§ **Available data**:
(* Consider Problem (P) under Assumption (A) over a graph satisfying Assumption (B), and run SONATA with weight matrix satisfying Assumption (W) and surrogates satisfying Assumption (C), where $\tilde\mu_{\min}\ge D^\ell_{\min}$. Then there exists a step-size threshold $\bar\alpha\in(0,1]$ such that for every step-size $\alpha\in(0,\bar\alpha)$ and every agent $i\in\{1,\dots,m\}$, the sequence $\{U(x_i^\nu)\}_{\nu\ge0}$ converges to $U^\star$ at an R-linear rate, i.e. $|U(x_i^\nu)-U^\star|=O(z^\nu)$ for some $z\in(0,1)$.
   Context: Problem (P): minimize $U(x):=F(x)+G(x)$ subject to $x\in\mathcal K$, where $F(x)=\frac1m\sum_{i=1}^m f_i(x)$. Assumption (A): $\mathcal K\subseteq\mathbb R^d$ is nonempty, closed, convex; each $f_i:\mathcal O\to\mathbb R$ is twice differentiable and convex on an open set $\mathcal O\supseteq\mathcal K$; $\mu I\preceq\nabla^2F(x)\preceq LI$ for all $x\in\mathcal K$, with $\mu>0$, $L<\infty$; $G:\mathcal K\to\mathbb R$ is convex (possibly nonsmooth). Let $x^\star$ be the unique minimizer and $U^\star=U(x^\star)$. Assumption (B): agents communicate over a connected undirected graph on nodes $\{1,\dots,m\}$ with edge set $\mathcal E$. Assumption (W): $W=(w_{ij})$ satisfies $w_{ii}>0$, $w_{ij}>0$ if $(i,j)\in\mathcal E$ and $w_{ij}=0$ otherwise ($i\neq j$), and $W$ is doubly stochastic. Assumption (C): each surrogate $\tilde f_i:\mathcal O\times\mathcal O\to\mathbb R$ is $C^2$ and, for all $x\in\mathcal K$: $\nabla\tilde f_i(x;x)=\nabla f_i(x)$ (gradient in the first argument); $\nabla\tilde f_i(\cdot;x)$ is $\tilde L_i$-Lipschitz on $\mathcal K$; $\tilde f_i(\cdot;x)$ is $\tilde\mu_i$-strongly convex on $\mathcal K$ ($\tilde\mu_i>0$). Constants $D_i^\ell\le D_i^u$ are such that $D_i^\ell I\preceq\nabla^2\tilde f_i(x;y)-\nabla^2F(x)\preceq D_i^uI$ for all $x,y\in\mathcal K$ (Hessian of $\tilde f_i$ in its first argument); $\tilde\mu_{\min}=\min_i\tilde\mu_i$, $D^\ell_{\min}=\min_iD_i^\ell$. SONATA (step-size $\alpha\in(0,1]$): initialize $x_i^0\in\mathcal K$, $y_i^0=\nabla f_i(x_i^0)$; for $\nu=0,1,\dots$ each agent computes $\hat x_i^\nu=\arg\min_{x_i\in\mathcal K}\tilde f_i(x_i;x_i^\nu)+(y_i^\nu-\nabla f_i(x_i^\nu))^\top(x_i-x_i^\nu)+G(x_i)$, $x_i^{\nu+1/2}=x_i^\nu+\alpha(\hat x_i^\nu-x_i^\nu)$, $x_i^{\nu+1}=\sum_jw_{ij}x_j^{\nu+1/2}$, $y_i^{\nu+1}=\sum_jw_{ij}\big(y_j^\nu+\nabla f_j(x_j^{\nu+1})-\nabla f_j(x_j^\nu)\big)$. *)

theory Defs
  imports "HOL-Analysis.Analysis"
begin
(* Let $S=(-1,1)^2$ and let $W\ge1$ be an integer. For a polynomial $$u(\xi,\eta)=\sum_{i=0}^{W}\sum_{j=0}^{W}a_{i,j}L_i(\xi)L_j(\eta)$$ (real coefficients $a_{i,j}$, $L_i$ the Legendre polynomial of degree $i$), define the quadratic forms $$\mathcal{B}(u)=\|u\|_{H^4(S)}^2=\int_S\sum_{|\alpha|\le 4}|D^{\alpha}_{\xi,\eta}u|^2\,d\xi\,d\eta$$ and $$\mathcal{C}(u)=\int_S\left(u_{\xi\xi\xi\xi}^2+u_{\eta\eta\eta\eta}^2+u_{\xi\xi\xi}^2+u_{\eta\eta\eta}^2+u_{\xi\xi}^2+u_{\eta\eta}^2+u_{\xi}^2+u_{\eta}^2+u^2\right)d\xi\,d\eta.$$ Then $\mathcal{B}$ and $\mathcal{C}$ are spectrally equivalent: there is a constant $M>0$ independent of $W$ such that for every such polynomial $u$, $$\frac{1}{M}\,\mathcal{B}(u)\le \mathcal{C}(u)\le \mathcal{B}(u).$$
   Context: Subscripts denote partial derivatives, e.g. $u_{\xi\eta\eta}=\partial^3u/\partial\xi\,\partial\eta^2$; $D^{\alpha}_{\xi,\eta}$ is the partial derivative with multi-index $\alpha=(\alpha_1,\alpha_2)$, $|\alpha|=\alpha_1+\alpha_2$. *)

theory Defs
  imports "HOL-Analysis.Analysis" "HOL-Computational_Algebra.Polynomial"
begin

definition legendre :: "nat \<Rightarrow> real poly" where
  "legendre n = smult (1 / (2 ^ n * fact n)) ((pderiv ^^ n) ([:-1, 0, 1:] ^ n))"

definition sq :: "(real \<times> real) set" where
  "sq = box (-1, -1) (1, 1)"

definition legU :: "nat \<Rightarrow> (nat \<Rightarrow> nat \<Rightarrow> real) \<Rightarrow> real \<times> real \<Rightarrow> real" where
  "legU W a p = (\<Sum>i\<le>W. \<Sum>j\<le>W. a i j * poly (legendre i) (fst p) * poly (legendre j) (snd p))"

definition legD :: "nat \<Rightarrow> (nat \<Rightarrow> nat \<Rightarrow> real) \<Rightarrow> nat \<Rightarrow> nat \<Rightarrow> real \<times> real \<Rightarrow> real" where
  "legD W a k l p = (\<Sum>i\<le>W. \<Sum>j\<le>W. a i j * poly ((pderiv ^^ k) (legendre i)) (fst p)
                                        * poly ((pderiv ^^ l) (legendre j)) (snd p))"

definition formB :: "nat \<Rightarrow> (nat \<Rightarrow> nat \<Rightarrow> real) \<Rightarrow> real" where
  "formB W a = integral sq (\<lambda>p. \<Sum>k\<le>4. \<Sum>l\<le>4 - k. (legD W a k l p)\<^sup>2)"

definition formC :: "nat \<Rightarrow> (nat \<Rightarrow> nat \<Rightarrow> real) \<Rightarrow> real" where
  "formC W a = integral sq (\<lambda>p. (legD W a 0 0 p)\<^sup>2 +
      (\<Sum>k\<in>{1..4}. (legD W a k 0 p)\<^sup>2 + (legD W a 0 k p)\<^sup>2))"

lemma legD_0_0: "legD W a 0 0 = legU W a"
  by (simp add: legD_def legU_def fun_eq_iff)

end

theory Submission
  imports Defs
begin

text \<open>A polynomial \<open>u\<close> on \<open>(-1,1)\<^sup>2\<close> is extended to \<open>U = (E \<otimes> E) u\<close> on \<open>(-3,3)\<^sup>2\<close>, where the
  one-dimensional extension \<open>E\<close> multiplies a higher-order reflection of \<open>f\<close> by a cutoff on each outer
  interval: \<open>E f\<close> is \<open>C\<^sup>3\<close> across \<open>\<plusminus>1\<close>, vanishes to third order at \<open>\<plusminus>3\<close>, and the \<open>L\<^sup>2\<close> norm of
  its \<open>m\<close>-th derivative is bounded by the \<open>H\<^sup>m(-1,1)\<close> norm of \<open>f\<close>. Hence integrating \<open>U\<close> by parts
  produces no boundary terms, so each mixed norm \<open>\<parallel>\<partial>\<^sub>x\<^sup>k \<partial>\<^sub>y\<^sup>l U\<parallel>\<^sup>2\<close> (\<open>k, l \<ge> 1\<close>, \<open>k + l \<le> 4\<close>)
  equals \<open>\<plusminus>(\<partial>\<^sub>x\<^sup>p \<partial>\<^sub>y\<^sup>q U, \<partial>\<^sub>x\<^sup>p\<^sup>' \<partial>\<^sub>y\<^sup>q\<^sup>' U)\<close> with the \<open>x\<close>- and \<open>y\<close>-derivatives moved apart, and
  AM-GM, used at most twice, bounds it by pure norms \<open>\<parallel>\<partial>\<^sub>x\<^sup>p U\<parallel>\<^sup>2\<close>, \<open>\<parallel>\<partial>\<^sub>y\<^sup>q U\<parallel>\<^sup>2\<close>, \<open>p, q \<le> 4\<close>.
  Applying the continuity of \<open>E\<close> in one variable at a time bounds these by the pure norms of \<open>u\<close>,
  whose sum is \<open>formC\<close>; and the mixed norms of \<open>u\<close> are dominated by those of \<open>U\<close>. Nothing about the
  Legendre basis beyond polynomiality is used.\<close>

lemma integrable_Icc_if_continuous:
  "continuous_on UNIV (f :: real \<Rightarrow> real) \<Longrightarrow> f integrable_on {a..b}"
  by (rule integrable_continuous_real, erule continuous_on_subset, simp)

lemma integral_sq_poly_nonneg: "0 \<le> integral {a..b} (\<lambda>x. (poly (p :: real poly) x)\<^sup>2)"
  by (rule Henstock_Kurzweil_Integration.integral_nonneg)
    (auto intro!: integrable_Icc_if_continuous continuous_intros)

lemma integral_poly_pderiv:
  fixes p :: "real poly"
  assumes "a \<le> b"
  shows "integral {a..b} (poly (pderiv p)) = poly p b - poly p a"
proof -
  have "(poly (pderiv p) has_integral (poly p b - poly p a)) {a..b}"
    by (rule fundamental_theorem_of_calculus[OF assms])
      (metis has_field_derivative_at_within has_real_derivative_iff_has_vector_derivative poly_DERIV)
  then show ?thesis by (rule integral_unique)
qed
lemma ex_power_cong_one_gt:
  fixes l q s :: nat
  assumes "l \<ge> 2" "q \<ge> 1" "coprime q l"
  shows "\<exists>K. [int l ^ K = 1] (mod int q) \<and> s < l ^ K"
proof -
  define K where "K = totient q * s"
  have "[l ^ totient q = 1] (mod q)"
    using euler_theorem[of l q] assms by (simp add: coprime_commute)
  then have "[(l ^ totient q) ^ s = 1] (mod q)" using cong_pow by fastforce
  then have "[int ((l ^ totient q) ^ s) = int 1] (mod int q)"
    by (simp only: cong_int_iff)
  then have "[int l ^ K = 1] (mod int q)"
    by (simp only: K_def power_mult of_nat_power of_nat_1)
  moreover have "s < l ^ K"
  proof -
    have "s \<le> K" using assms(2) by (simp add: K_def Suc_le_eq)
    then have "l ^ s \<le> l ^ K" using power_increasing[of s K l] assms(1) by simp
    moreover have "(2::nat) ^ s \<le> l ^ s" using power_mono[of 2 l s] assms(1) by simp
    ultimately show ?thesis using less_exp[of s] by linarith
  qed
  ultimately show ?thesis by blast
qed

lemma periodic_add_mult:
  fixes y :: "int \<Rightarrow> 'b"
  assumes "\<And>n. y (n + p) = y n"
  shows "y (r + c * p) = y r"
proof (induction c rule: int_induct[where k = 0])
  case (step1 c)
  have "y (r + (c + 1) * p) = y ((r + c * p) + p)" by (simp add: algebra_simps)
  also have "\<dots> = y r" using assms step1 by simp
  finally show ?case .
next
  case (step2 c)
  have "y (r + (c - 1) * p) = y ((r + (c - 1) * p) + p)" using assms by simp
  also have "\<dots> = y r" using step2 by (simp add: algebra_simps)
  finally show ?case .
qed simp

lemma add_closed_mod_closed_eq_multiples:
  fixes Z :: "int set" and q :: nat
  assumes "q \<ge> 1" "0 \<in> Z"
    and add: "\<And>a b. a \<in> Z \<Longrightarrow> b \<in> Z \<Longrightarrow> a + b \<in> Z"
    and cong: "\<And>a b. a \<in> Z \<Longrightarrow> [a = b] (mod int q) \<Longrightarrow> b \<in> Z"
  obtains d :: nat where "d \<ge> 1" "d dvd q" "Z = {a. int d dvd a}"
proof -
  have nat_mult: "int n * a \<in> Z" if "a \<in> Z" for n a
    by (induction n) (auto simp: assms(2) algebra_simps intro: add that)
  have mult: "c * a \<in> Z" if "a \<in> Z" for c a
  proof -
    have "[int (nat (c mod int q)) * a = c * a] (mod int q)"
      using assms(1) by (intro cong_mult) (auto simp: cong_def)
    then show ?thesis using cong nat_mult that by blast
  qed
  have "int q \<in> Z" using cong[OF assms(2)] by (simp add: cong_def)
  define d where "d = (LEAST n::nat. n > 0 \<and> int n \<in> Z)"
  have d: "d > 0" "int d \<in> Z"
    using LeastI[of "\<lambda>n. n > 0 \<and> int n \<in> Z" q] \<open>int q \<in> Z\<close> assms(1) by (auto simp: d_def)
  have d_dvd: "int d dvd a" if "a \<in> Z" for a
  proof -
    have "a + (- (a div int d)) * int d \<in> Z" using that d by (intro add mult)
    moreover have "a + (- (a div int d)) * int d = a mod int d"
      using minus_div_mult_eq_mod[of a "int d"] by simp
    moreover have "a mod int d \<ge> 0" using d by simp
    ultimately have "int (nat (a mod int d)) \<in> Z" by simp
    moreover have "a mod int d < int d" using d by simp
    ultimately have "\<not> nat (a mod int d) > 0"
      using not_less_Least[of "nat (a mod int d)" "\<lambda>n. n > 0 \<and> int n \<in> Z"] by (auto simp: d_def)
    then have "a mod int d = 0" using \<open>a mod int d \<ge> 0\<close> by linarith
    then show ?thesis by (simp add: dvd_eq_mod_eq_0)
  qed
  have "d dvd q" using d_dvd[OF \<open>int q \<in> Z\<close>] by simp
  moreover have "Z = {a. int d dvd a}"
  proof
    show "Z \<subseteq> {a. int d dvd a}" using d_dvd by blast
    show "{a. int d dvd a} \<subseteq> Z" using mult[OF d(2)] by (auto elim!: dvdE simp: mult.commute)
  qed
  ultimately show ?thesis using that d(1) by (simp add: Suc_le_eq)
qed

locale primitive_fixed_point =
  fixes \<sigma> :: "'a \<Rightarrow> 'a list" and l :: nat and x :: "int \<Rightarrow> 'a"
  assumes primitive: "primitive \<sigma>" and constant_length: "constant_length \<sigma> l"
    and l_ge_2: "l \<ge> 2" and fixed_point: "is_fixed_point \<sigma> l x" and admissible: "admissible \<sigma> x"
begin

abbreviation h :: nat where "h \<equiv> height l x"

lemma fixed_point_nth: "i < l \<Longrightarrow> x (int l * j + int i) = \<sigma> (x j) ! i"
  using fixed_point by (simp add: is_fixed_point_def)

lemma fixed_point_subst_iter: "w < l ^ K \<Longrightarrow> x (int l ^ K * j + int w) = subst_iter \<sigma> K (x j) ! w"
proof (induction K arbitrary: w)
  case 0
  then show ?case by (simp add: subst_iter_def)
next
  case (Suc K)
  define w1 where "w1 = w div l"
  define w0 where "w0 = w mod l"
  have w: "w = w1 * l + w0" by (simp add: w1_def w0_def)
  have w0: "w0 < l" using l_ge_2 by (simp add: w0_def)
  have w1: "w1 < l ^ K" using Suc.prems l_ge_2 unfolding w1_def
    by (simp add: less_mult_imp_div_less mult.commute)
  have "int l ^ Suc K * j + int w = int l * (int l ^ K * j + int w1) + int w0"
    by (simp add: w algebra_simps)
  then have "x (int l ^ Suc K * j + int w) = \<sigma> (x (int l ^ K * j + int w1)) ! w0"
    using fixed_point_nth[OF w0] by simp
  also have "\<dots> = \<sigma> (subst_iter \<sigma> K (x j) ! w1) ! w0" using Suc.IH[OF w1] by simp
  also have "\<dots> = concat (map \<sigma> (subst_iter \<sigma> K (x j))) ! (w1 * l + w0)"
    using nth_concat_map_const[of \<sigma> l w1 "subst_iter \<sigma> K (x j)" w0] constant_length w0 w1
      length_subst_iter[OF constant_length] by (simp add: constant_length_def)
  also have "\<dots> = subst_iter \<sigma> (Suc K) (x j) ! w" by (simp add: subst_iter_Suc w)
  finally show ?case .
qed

§ **Task directions**: Every line from the line containing "s] assms(1) by simp" through the line containing "case (step1 c)" in the records above must be retyped exactly. Leave out the rest.

§ **Completed exercise**:
    moreover have "(2::nat) ^ s \<le> l ^ s" using power_mono[of 2 l s] assms(1) by simp
    ultimately show ?thesis using less_exp[of s] by linarith
  qed
  ultimately show ?thesis by blast
qed

lemma periodic_add_mult:
  fixes y :: "int \<Rightarrow> 'b"
  assumes "\<And>n. y (n + p) = y n"
  shows "y (r + c * p) = y r"
proof (induction c rule: int_induct[where k = 0])
  case (step1 c)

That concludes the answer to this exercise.